IE process improvement model for multifaceted unstructured big data. IE: information extraction.
Conclusion
The exponential growth of multifaceted unstructured big data is creating challenges in context-aware analytics, data-driven decision-making, and data management. IE techniques are important to extract useful information from unstructured data that improve the effectiveness of data analytics. In this regard, a structured review was conducted to investigate the limitations of existing IE techniques for unstructured big data analysis. For this reason, state-of-the-art IE subtasks and their techniques from different types of data (text, images, audio, and video) have been discussed briefly. This review also investigated the effectiveness of existing IE techniques for unstructured big data. It has been observed that variety of big data is creating numerous challenges for traditional IE systems in terms of accuracy, scalability, generalizability, and usability which leads us to a new era of advanced IE approaches with new opportunities and challenges. It has also been concluded that hybrid approaches (i.e. combination of learning-based and rule-based) achieved better performance in IE whereas the quality of data has a significant impact on the effectiveness of results. However, many challenges are still associated with these hybrid approaches such as language barriers, domain issues, and appropriate method selection for the task at hand. These challenges are specific to IE process but scalability, quality, heterogeneity, and interoperability are critical factors associated with IE from unstructured big data. To overcome the limitations of existing IE techniques, more advanced and adaptive pre-processing techniques are required to remove the quality and usability issues. Further, some suggestions have also been provided in this review by critically analyzing the literature and limitations of existing solutions. Our analysis finds that there is a significant potential to improve the analysis process in terms of context-aware analytics systems. Advanced techniques and methods for IE systems, particularly for multifaceted unstructured big data sets, are the utmost requirement. Existing approaches and methods do not apply to all domains and varying types of data, even in a single data type.
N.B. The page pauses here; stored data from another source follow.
(* Let $m\ge3$ and let $G$ be an $m$-uniform hypergraph on vertex set $[n]$ with at least one edge. Then the signless Laplacian tensor of $G$ is not completely positive.
   Context: An $m$-uniform hypergraph $G=(V,E)$ with $V=[n]$ has edges that are sets of exactly $m$ distinct vertices. Its adjacency tensor $\mathcal{A}\in\mathbb{S}_{m,n}$ has entries $a_{i_1\ldots i_m}=1/(m-1)!$ if $\{i_1,\dots,i_m\}\in E$ and $0$ otherwise; $\mathcal{D}$ is the diagonal tensor with $d_{i\ldots i}$ equal to the degree of vertex $i$; the signless Laplacian tensor is $\mathcal{Q}=\mathcal{D}+\mathcal{A}$. A tensor $\mathcal{A}\in\mathbb{S}_{m,n}$ (symmetric real $m$th order $n$-dimensional) is completely positive if $\mathcal{A}=\sum_{k=1}^r(u^{(k)})^m$ for some $r\ge1$ and $u^{(k)}\in\mathbb{R}^n_+$, where $(u^m)_{i_1\ldots i_m}=u_{i_1}\cdots u_{i_m}$. *)

theory Defs
  imports Complex_Main "HOL-Library.Multiset"
begin

text \<open>Tensors of order m and dimension n are functions on index lists; only lists of
length m with entries in {1..n} are meaningful.\<close>

definition tensor_index :: "nat \<Rightarrow> nat \<Rightarrow> nat list \<Rightarrow> bool" where
  "tensor_index m n is \<longleftrightarrow> length is = m \<and> set is \<subseteq> {1..n}"

definition uniform_hypergraph :: "nat \<Rightarrow> nat \<Rightarrow> nat set set \<Rightarrow> bool" where
  "uniform_hypergraph m n E \<longleftrightarrow> (\<forall>e\<in>E. e \<subseteq> {1..n} \<and> card e = m)"

definition hdegree :: "nat set set \<Rightarrow> nat \<Rightarrow> nat" where
  "hdegree E i = card {e\<in>E. i \<in> e}"

definition adjacency_tensor :: "nat \<Rightarrow> nat set set \<Rightarrow> nat list \<Rightarrow> real" where
  "adjacency_tensor m E is =
     (if distinct is \<and> set is \<in> E then 1 / real (fact (m - 1)) else 0)"

definition degree_tensor :: "nat \<Rightarrow> nat set set \<Rightarrow> nat list \<Rightarrow> real" where
  "degree_tensor m E is =
     (if \<exists>i. is = replicate m i then real (hdegree E (hd is)) else 0)"

definition signless_laplacian :: "nat \<Rightarrow> nat set set \<Rightarrow> nat list \<Rightarrow> real" where
  "signless_laplacian m E is = degree_tensor m E is + adjacency_tensor m E is"

definition symmetric_tensor :: "nat \<Rightarrow> nat \<Rightarrow> (nat list \<Rightarrow> real) \<Rightarrow> bool" where
  "symmetric_tensor m n T \<longleftrightarrow>
     (\<forall>is js. tensor_index m n is \<and> mset js = mset is \<longrightarrow> T js = T is)"

definition completely_positive :: "nat \<Rightarrow> nat \<Rightarrow> (nat list \<Rightarrow> real) \<Rightarrow> bool" where
  "completely_positive m n T \<longleftrightarrow> symmetric_tensor m n T \<and>
     (\<exists>r::nat. r \<ge> 1 \<and> (\<exists>u :: nat \<Rightarrow> nat \<Rightarrow> real.
        (\<forall>k<r. \<forall>i\<in>{1..n}. u k i \<ge> 0) \<and>
        (\<forall>is. tensor_index m n is \<longrightarrow> T is = (\<Sum>k<r. prod_list (map (u k) is)))))"

end

theory Submission
  imports Defs
begin

text \<open>If \<open>T = \<Sum>k. (u k)^m\<close> with nonnegative vectors \<open>u k\<close>, then the entry of \<open>T\<close> at an
  index list vanishes iff every \<open>u k\<close> vanishes somewhere on the support of that list, so zero
  entries propagate to index lists with larger support. For an edge \<open>e\<close> and distinct
  \<open>a, b \<in> e\<close>, the signless Laplacian vanishes at \<open>(a, \<dots>, a, b)\<close>: this list is not constant,
  and since \<open>m \<ge> 3\<close> the vertex \<open>a\<close> repeats, so it is not an edge either. But its support lies
  in \<open>e\<close>, where the signless Laplacian is positive.\<close>

lemma completely_positive_zero_entry_mono:
  assumes "completely_positive m n T"
    and "tensor_index m n is" and "tensor_index m n js"
    and "set js \<subseteq> set is" and "T js = 0"
  shows "T is = 0"
proof -
  obtain r :: nat and u :: "nat \<Rightarrow> nat \<Rightarrow> real" where nonneg: "\<forall>k<r. \<forall>i\<in>{1..n}. u k i \<ge> 0"
    and decomp: "\<forall>is. tensor_index m n is \<longrightarrow> T is = (\<Sum>k<r. prod_list (map (u k) is))"
    using assms(1) unfolding completely_positive_def by blast
  have prod_nonneg: "prod_list (map (u k) js) \<ge> 0" if "k < r" for k
    using assms(3) nonneg that unfolding tensor_index_def
    by (intro prod_list_nonneg) auto
  have sum_js: "(\<Sum>k<r. prod_list (map (u k) js)) = 0"
    using decomp assms(3,5) by simp
  have "prod_list (map (u k) is) = 0" if "k < r" for k
  proof -
    have "prod_list (map (u k) js) = 0"
      using sum_nonneg_eq_0_iff[of "{..<r}" "\<lambda>k. prod_list (map (u k) js)"] sum_js prod_nonneg that
      by simp
    then obtain i where "i \<in> set js" "u k i = 0"
      by (auto simp: prod_list_zero_iff)
    with assms(4) show ?thesis
      by (auto simp: prod_list_zero_iff)
  qed
  then show ?thesis
    using decomp assms(2) by simp
qed

lemma signless_laplacian_edge_pos:
  assumes "distinct is" and "set is \<in> E"
  shows "signless_laplacian m E is > 0"
  using assms
  by (simp add: signless_laplacian_def adjacency_tensor_def degree_tensor_def add_nonneg_pos)

lemma signless_laplacian_replicate_snoc:
  assumes "m \<ge> 3" and "a \<noteq> b"
  shows "signless_laplacian m E (replicate (m - 1) a @ [b]) = 0"
proof -
  have m: "m - 1 = Suc (Suc (m - 3))"
    using assms(1) by simp
  then have "\<not> distinct (replicate (m - 1) a @ [b])"
    by simp
  moreover have "replicate (m - 1) a @ [b] \<noteq> replicate m i" for i
  proof
    assume "replicate (m - 1) a @ [b] = replicate m i"
    then have "a \<in> set (replicate m i)" "b \<in> set (replicate m i)"
      using m by (metis Un_iff in_set_replicate list.set_intros(1) set_append nat.distinct(1))+
    with assms(2) show False
      by simp
  qed
  ultimately show ?thesis
    unfolding signless_laplacian_def adjacency_tensor_def degree_tensor_def by auto
qed

theorem mainTheorem5:
  fixes m n :: nat and E :: "nat set set"
  assumes "m \<ge> 3"
    and "uniform_hypergraph m n E"
    and "E \<noteq> {}"
  shows "\<not> completely_positive m n (signless_laplacian m E)"
proof
  assume cp: "completely_positive m n (signless_laplacian m E)"
  obtain e where "e \<in> E" and e_sub: "e \<subseteq> {1..n}" and e_card: "card e = m"
    using assms(2,3) unfolding uniform_hypergraph_def by blast
  then have "finite e"
    using assms(1) card.infinite by fastforce
  define xs where "xs = sorted_list_of_set e"
  have xs: "distinct xs" "set xs = e" "length xs = m"
    using \<open>finite e\<close> e_card by (simp_all add: xs_def)
  obtain a b where "a \<in> e" "b \<in> e" "a \<noteq> b"
    using e_card assms(1) card_le_Suc_iff[of 1 e] by (auto simp: Suc_le_eq card_gt_0_iff)
  define js where "js = replicate (m - 1) a @ [b]"
  have "tensor_index m n xs" "tensor_index m n js"
    using xs e_sub \<open>a \<in> e\<close> \<open>b \<in> e\<close> assms(1) by (auto simp: tensor_index_def js_def)
  moreover have "set js \<subseteq> set xs"
    using xs \<open>a \<in> e\<close> \<open>b \<in> e\<close> by (auto simp: js_def)
  moreover have "signless_laplacian m E js = 0"
    unfolding js_def using assms(1) \<open>a \<noteq> b\<close> by (rule signless_laplacian_replicate_snoc)
  ultimately have "signless_laplacian m E xs = 0"
    using completely_positive_zero_entry_mono[OF cp] by blast
  moreover have "signless_laplacian m E xs > 0"
    using xs \<open>e \<in> E\<close> by (intro signless_laplacian_edge_pos) simp_all
  ultimately show False
    by simp
qed

end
There is a need to develop new techniques and refine existing techniques for pre-processing stage of data that can help to significantly reduce the problems in data sets, later used for IE, knowledge discovery, and decision-making.
Limitations of the study
The SLR investigates the existing IE techniques and presents the limitations of these techniques for multifaceted unstructured big data. Various recognized data sources have been explored during the study, however, sparsity of literature on this topic and different data types, data formats, and standards made the identification and selection of articles very time-consuming and tedious. Limited but prominent literature could be selected and it restricted the investigations to the limitations of the IE techniques. It was really hard to find the right article and techniques whereby several works have presented many techniques in context of data quality, data extraction, data transformation, and information retrieval. However, it has been managed by careful and proper selection of the articles meeting the inclusion and exclusion criteria.
Future work
The existing literature presents the techniques and methods for IE from unstructured big data but does not present any model or framework to improve the IE procedures. It is also needed to present a very structured approach and devise methods for specific data types rather than presenting general techniques. Developing a theoretical model based on the comparative analysis of existing techniques (similarities and differences), defining rules for data extraction and transformation is a potential research problem to address the data quality improvement issues.
Footnotes
Declaration of conflicting interests
The author(s) declared no potential conflicts of interest with respect to the research, authorship, and/or publication of this article.
Funding
The author(s) received no financial support for the research, authorship, and/or publication of this article.